Figure 2. Glial ablation induces muted, region-specific transcriptional changes along the longitudinal axis of the intestine.
A) Schematic of the experimental timeline for bulk-sequencing of intestinal tissue segments from male Plp1CreER Rosa26DTA/+ mice (annotated as Cre+) and Rosa26DTA/+ littermate controls (annotated as Cre−). Tissues were collected 11 days after administration of tamoxifen (11dpt; n = 4 per genotype). In this model, the majority of enteric glial cells (EGC) are eliminated by 5dpt and the deficit is stable through at least 14dpt [12].
B) Volcano plots showing differentially expressed genes in duodenum, ileum, and colon of Cre− and Cre+ mice. Genes that reached statistical significance cutoff of padj < 0.05 are labeled. Red and blue colors denote up- and down-regulated genes in Cre+ mice compared to Cre− mice with p-value < 0.05, respectively. Differential analysis was conducted using DESeq2.
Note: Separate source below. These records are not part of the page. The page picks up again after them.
lemma subdiff_dual_gauge_eq_exposed_face:
  assumes "is_gauge_set B" "dual_gauge B p = 1"
  shows "subdiff (dual_gauge B) p = exposed_face B p"
proof (intro set_eqI iffI)
  fix x assume "x \<in> subdiff (dual_gauge B) p"
  then have sub: "1 + x \<bullet> (q - p) \<le> dual_gauge B q" for q
    using assms(2) by (auto simp: subdiff_def)
  have "1 \<le> x \<bullet> p" using sub[of 0] dual_gauge_zero[OF assms(1)] by (simp add: inner_diff_right)
  moreover have "dual_gauge B (2 *\<^sub>R p) \<le> 2"
  proof (rule dual_gauge_le[OF assms(1)])
    fix y assume "gauge_fn B y = 1"
    then have "p \<bullet> y \<le> 1" using inner_le_dual_gauge[OF assms(1)] assms(2) by metis
    then show "(2 *\<^sub>R p) \<bullet> y \<le> 2" by simp
  qed
  then have "x \<bullet> p \<le> 1" using sub[of "2 *\<^sub>R p"] by (simp add: inner_diff_right algebra_simps)
  ultimately have "x \<bullet> p = 1" by simp
  with sub show "x \<in> exposed_face B p"
    by (auto simp: exposed_face_eq_polar[OF assms(1)] inner_diff_right inner_commute)
next
  fix x assume "x \<in> exposed_face B p"
  then show "x \<in> subdiff (dual_gauge B) p"
    using assms(2) by (auto simp: exposed_face_eq_polar[OF assms(1)] subdiff_def
        inner_diff_right inner_commute)
qed

lemma normalize_mem_exposed_face:
  assumes "is_gauge_set B" "dual_gauge B p \<le> 1"
    and "x \<in> conic hull exposed_face B p" "x \<noteq> 0"
  shows "x /\<^sub>R gauge_fn B x \<in> exposed_face B p"
proof -
  obtain c z where x: "x = c *\<^sub>R z" "c \<ge> 0" "z \<in> exposed_face B p"
    using assms(3) by (auto simp: conic_hull_explicit)
  then have "c > 0" using assms(4) by (cases "c = 0") auto
  have "gauge_fn B x = c"
    using gauge_fn_scaleR[OF assms(1) \<open>c > 0\<close>, of z]
      gauge_fn_eq_1_on_exposed_face[OF assms(1,2) x(3)] x(1)
    by simp
  then show ?thesis using x \<open>c > 0\<close> by simp
qed

lemma Inter_conic_hull_exposed_faces_trivial_iff:
  assumes "is_gauge_set B" "D \<noteq> {}" "\<And>d. d \<in> D \<Longrightarrow> dual_gauge B (p d) \<le> 1"
  shows "(\<Inter>d\<in>D. conic hull exposed_face B (p d)) \<subseteq> {0}
    \<longleftrightarrow> (\<Inter>d\<in>D. exposed_face B (p d)) = {}"
proof
  assume trivial: "(\<Inter>d\<in>D. conic hull exposed_face B (p d)) \<subseteq> {0}"
  show "(\<Inter>d\<in>D. exposed_face B (p d)) = {}"
  proof (rule equals0I)
    fix x assume x: "x \<in> (\<Inter>d\<in>D. exposed_face B (p d))"
    then have "x \<in> (\<Inter>d\<in>D. conic hull exposed_face B (p d))" by (blast intro: hull_inc)
    with trivial have "x = 0" by blast
    obtain d where "d \<in> D" using assms(2) by blast
    with x \<open>x = 0\<close> zero_notin_exposed_face show False by blast
  qed
next
  assume empty: "(\<Inter>d\<in>D. exposed_face B (p d)) = {}"
  show "(\<Inter>d\<in>D. conic hull exposed_face B (p d)) \<subseteq> {0}"
  proof
    fix x assume x: "x \<in> (\<Inter>d\<in>D. conic hull exposed_face B (p d))"
    show "x \<in> {0}"
    proof (rule ccontr)
      assume "x \<notin> {0}"
      then have "x /\<^sub>R gauge_fn B x \<in> exposed_face B (p d)" if "d \<in> D" for d
        using normalize_mem_exposed_face[OF assms(1) assms(3)[OF that]] x that by blast
      with empty show False by blast
    qed
  qed
qed

theorem mainTheorem10:
  fixes B :: "'a::euclidean_space set" and D :: "'a set" and p :: "'a \<Rightarrow> 'a"
  assumes "is_gauge_set B"
    and "finite D"
    and "\<forall>d\<in>D. p d \<in> dual_ball B"
    and "elem_set B D p \<noteq> {}"
    and "\<forall>d\<in>D. elem_set B D p \<noteq> {d}"
  shows "bounded (elem_set B D p) \<longleftrightarrow> (\<Inter>d\<in>D. subdiff (dual_gauge B) (p d)) = {}"
proof (cases "D = {}")
  case True
  then show ?thesis by (simp add: elem_set_def)
next
  case False
  have dual_one: "dual_gauge B (p d) = 1" if "d \<in> D" for d
  proof (rule ccontr)
    assume "dual_gauge B (p d) \<noteq> 1"
    then have "normal_cone B (p d) = {0}" by (simp add: normal_cone_def)
    moreover have "elem_set B D p \<subseteq> (\<lambda>v. d + v) ` normal_cone B (p d)"
      unfolding elem_set_def using that by (rule INT_lower)
    ultimately have "elem_set B D p \<subseteq> {d}" by simp
    with assms(4,5) that show False by blast
  qed
  have C: "elem_set B D p = (\<Inter>d\<in>D. (\<lambda>v. d + v) ` (conic hull exposed_face B (p d)))"
    unfolding elem_set_def
    by (rule INF_cong) (simp_all add: dual_one normal_cone_def conic_hull_explicit)
  have closed: "closed (conic hull exposed_face B q)" for q
    by (rule closed_conic_hull) (simp add: compact_exposed_face[OF assms(1)] zero_notin_exposed_face)
  have convex: "convex (conic hull exposed_face B q)" for q
    by (rule convex_conic_hull[OF convex_exposed_face[OF assms(1)]])
  have "bounded (elem_set B D p) \<longleftrightarrow> (\<Inter>d\<in>D. conic hull exposed_face B (p d)) \<subseteq> {0}"
    unfolding C
  proof (rule bounded_Inter_translated_cones_iff)
    show "(\<Inter>d\<in>D. (\<lambda>v. d + v) ` (conic hull exposed_face B (p d))) \<noteq> {}"
      using assms(4) unfolding C .
  qed (simp_all add: closed convex conic_conic_hull)
  also have "\<dots> \<longleftrightarrow> (\<Inter>d\<in>D. exposed_face B (p d)) = {}"
    using dual_one by (intro Inter_conic_hull_exposed_faces_trivial_iff[OF assms(1) False]) simp
  also have "(\<Inter>d\<in>D. exposed_face B (p d)) = (\<Inter>d\<in>D. subdiff (dual_gauge B) (p d))"
    by (rule INF_cong) (simp_all add: subdiff_dual_gauge_eq_exposed_face[OF assms(1) dual_one])
  finally show ?thesis .
qed

end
C) DiVenn analysis illustrates genes that were up- (red) or down-regulated (blue) in the duodenum, ileum, and colons of Cre+ mice compared to Cre− controls at 11dpt with p<0.05 threshold for significance. Nodes linking tissues constitute the genes that were differentially expressed in Cre+ mice compared to controls in both of those tissues. Yellow color marks genes with discordant direction of change between the different tissue regions. Numbers indicate the number of genes at each node or tissue segment that were identified as differentially expressed. Overall, this analysis illustrates that most differentially expressed genes in Cre+ mice were region-specific with little overlap between duodenum, ileum, and colon.